The star schema is chosen as the data model because it is simple and yet effective. users can write simple queries by joing fact and dimension tables to analyze the data.

Here are the tables of the schema:

**Fact Table: fact_immigration**
- id                  (PK)
- arr_ts              (FK)
- arrival_year         
- arrival_month
- country_of_bir      (FK)
- country_of_res      (FK)
- port_of_admission   (FK)
- mode
- visa_category
- visatype
- dep_ts              (FK)

**Dimension Tables: dim_immigrant**   
- immigrant_id         (PK)
- gender
- age
- birth_year

**Dimension Tables: dim_country**  
- country_code         (PK)
- country_name

**Dimension Tables: dim_time**  
- time_id              (PK)
- date  
- year
- quarter
- month
- day
- weekday
- week
**Dimension Tables: dim_demographics**   
- port_code            (PK)
- state_code
- city
- state
- median_age
- perc_of_male_pop
- perc_of_female_pop
- perc_of_veterans
- perc_of_foreign_born
- perc_of_native_american
- perc_of_asian
- perc_of_black
- perc_of_latin
- perc_of_white
- total_pop
**Dimension Tables: dim_airport**   
- local_code            (PK)
- airport_name
- airport_type
- state_code
- state
- iso_country
- iata_code

#### 3.2 Mapping Out Data Pipelines
List the steps necessary to pipeline the data into the chosen data model

In [147]:
def process_immigration_data(spark, input_data, output_data):
    """
    Description: This function processes the songs data files.
    1. Read and load immigration_data from S3
    2. Transform them to create immigration
    3. Write them to partioned parquet files in table directories on S3

    :param spark: spark session
    :param input_data: input file path
    :param output_data: output file path
    :return: dim_immigrant, dim_time, dim_immigration
    """
    print('Processing US immigration dataset...')

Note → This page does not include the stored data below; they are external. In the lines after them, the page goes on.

lemma simplicial_path_initial_cell:
  assumes K: "simplicial_complex K" and \<pi>: "simplicial_path K \<pi>"
  obtains c \<sigma> where "0 < c" "c \<le> 1" "\<sigma> \<in> K" "\<pi> 0 \<in> \<sigma>"
    "\<And>t. t \<in> {0<..<c} \<Longrightarrow> \<pi> t \<in> rel_interior \<sigma>"
proof -
  obtain s k where S: "s 0 = 0" "s k = 1" "\<forall>i<k. s i < s (Suc i)"
      "\<forall>i<k. \<exists>\<sigma>\<in>K. \<sigma> \<noteq> {} \<and> \<pi> ` {s i<..<s (Suc i)} \<subseteq> cell \<sigma>"
      and P: "path_in (polyhedron K) \<pi>"
    using \<pi> unfolding simplicial_path_def by blast
  have "0 < k"
    using S(1,2) by (cases k) auto
  then obtain \<sigma> where \<sigma>: "\<sigma> \<in> K" "\<pi> ` {s 0<..<s (Suc 0)} \<subseteq> cell \<sigma>"
    using S(4) by blast
  have c: "0 < s 1" "s 1 \<le> 1"
    using S(1,2,3) strict_mono_prefix_le[OF S(3), of 1 k] \<open>0 < k\<close> by auto
  have ri: "\<pi> t \<in> rel_interior \<sigma>" if "t \<in> {0<..<s 1}" for t
    using \<sigma>(2) that S(1) simplicial_complex_cell_eq[OF K \<sigma>(1)] by auto
  have "\<pi> ` closure {0<..<s 1} \<subseteq> \<sigma>"
  proof (rule image_closure_subset)
    show "continuous_on (closure {0<..<s 1}) \<pi>"
      using P c unfolding path_in_def path_def by (auto intro: continuous_on_subset)
    show "closed \<sigma>"
      by (rule simplicial_complex_closed[OF K \<sigma>(1)])
    show "\<pi> ` {0<..<s 1} \<subseteq> \<sigma>"
      using ri rel_interior_subset by blast
  qed
  then have "\<pi> 0 \<in> \<sigma>"
    using c by auto
  then show thesis
    using that c \<sigma>(1) ri by blast
qed

section \<open>Replacing paths by simplicial paths\<close>

definition simplicial_reach :: "'a::euclidean_space set set \<Rightarrow> 'a set \<Rightarrow> 'a \<Rightarrow> 'a \<Rightarrow> bool" where
  "simplicial_reach K A p q \<longleftrightarrow>
     (\<exists>\<rho>. simplicial_path K \<rho> \<and> \<rho> 0 = p \<and> \<rho> 1 = q \<and> \<rho> ` {0<..<1} \<subseteq> A)"

lemma simplicial_reach_trans:
  assumes "simplicial_reach K A p q" "q \<in> A" "simplicial_reach K A q r"
  shows "simplicial_reach K A p r"
proof -
  obtain \<rho>1 \<rho>2 where
    \<rho>1: "simplicial_path K \<rho>1" "\<rho>1 0 = p" "\<rho>1 1 = q" "\<rho>1 ` {0<..<1} \<subseteq> A" and
    \<rho>2: "simplicial_path K \<rho>2" "\<rho>2 0 = q" "\<rho>2 1 = r" "\<rho>2 ` {0<..<1} \<subseteq> A"
    using assms(1,3) unfolding simplicial_reach_def by blast
  have "\<rho>1 ` {0<..<1} \<union> {\<rho>1 1} \<union> \<rho>2 ` {0<..<1} \<subseteq> A"
    using \<rho>1(3,4) \<rho>2(4) assms(2) by simp
  then have "(\<rho>1 +++ \<rho>2) ` {0<..<1} \<subseteq> A"
    by (rule subset_trans[OF joinpaths_image_greaterThanLessThan])
  moreover have "simplicial_path K (\<rho>1 +++ \<rho>2)"
    using simplicial_path_join[OF \<rho>1(1) \<rho>2(1)] \<rho>1(3) \<rho>2(2) by simp
  ultimately show ?thesis
    unfolding simplicial_reach_def using \<rho>1(2) \<rho>2(3)
    by (intro exI[of _ "\<rho>1 +++ \<rho>2"]) (simp add: joinpaths_def)
qed

lemma simplicial_reach_segment:
  assumes K: "simplicial_complex K" and A: "cellular K A"
    and \<tau>: "\<tau> \<in> K" "p \<in> \<tau>" "q \<in> rel_interior \<tau>" "q \<in> A"
  shows "simplicial_reach K A p q" "simplicial_reach K A q p"
proof -
  have "convex \<tau>"
    by (rule simplicial_complex_convex[OF K \<tau>(1)])
  moreover have "p \<in> closure \<tau>"
    using \<tau>(2) closure_subset by blast
  ultimately have pq: "linepath p q t \<in> rel_interior \<tau>" if "0 < t" "t \<le> 1" for t
    using linepath_in_rel_interior \<tau>(3) that by blast
  have qp: "linepath q p t \<in> rel_interior \<tau>" if "0 \<le> t" "t < 1" for t
    using pq[of "1 - t"] that by (simp add: linepath_def algebra_simps)
  have in_A: "z \<in> A" if "z \<in> rel_interior \<tau>" for z
    using A \<tau>(1,3,4) that unfolding cellular_def same_cell_def by blast
  have "q \<in> \<tau>"
    using \<tau>(3) rel_interior_subset by blast
  have "simplicial_path K (linepath p q)" "simplicial_path K (linepath q p)"
    by (rule simplicial_path_linepath[OF K \<tau>(1)]; use pq qp \<tau>(2) \<open>q \<in> \<tau>\<close> in simp)+
  moreover have "linepath p q ` {0<..<1} \<subseteq> A" "linepath q p ` {0<..<1} \<subseteq> A"
    using pq qp in_A by auto
  ultimately show "simplicial_reach K A p q" "simplicial_reach K A q p"
    unfolding simplicial_reach_def by (metis linepath_0' linepath_1')+
qed

lemma path_locally_simplicial_reach:
  assumes K: "simplicial_complex K" and A: "cellular K A"
    and \<pi>: "path_in (polyhedron K) \<pi>" "\<pi> ` {0<..<1} \<subseteq> A" and t: "t \<in> {0..1}"
  obtains d where "d > 0" "\<And>u. u \<in> {0<..<1} \<Longrightarrow> dist u t < d \<Longrightarrow>
      simplicial_reach K A (\<pi> t) (\<pi> u) \<and> simplicial_reach K A (\<pi> u) (\<pi> t)"
proof -
  obtain d where "d > 0"
    and d: "\<And>u. u \<in> {0..1} \<Longrightarrow> dist u t < d \<Longrightarrow> \<exists>\<tau>\<in>K. \<pi> u \<in> rel_interior \<tau> \<and> \<pi> t \<in> \<tau>"
    using path_locally_in_star[OF K \<pi>(1) t] by blast
  have "simplicial_reach K A (\<pi> t) (\<pi> u) \<and> simplicial_reach K A (\<pi> u) (\<pi> t)"
    if u: "u \<in> {0<..<1}" "dist u t < d" for u
  proof -
    have "u \<in> {0..1}"
      using u(1) by simp
    then obtain \<tau> where \<tau>: "\<tau> \<in> K" "\<pi> u \<in> rel_interior \<tau>" "\<pi> t \<in> \<tau>"
      using d u(2) by blast
    have "\<pi> u \<in> A"
      using \<pi>(2) u(1) by blast
    then show ?thesis
      using simplicial_reach_segment[OF K A \<tau>(1,3,2)] by blast
  qed
  then show thesis
    using that \<open>d > 0\<close> by blast
qed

    # paths of input datasets
    months = ['jun']
    # months = ['jan', 'feb', 'mar', 'apr', 'may', 'jun', 'jul', 'aug', 'sep', 'oct', 'nov', 'dec']
    paths = [month.join(['18-83510-I94-Data-2016/i94_', '16_sub.sas7bdat']) for month in months]
    # immigration_data_paths = [os.path.join(input_data, path) for path in paths]
    immigration_data_paths = [input_data + path for path in paths]

    # Defining User Defined Function (UDF) to convert log timestamp (seconds since epoch) to \
    # actual Datetime Type timestamp
    # create timestamp column from original timestamp column

    # convert_sas_date = udf(lambda days: (datetime.date(1960, 1, 1) + datetime.timedelta(days=days)), T.DateType())
    # df = df.withColumn('timestamp', get_timestamp(df.ts))

    convert_i94mode_udf = udf(convert_i94mode, StringType())
    convert_sas_date_udf = udf(convert_sas_date, DateType())
    convert_visa_udf = udf(convert_visa, StringType())
    # get_sas_day_udf = udf(get_sas_day, IntegerType())

    # immigration_data_paths = os.path.join(input_data, '18-83510-I94-Data-2016/i94_feb16_sub.sas7bdat')
    for immigration_data_paths in immigration_data_paths:
        # get filepath to song data file
        print("Processing fact_immigration spark dataframe")
        df_immigration_spark = spark.read\
            .format('com.github.saurfang.sas.spark')\
            .option("header", "true") \
            .option("inferSchema", "true")\
            .load(immigration_data_paths)

    #    .schema(schema['immigration_schema'])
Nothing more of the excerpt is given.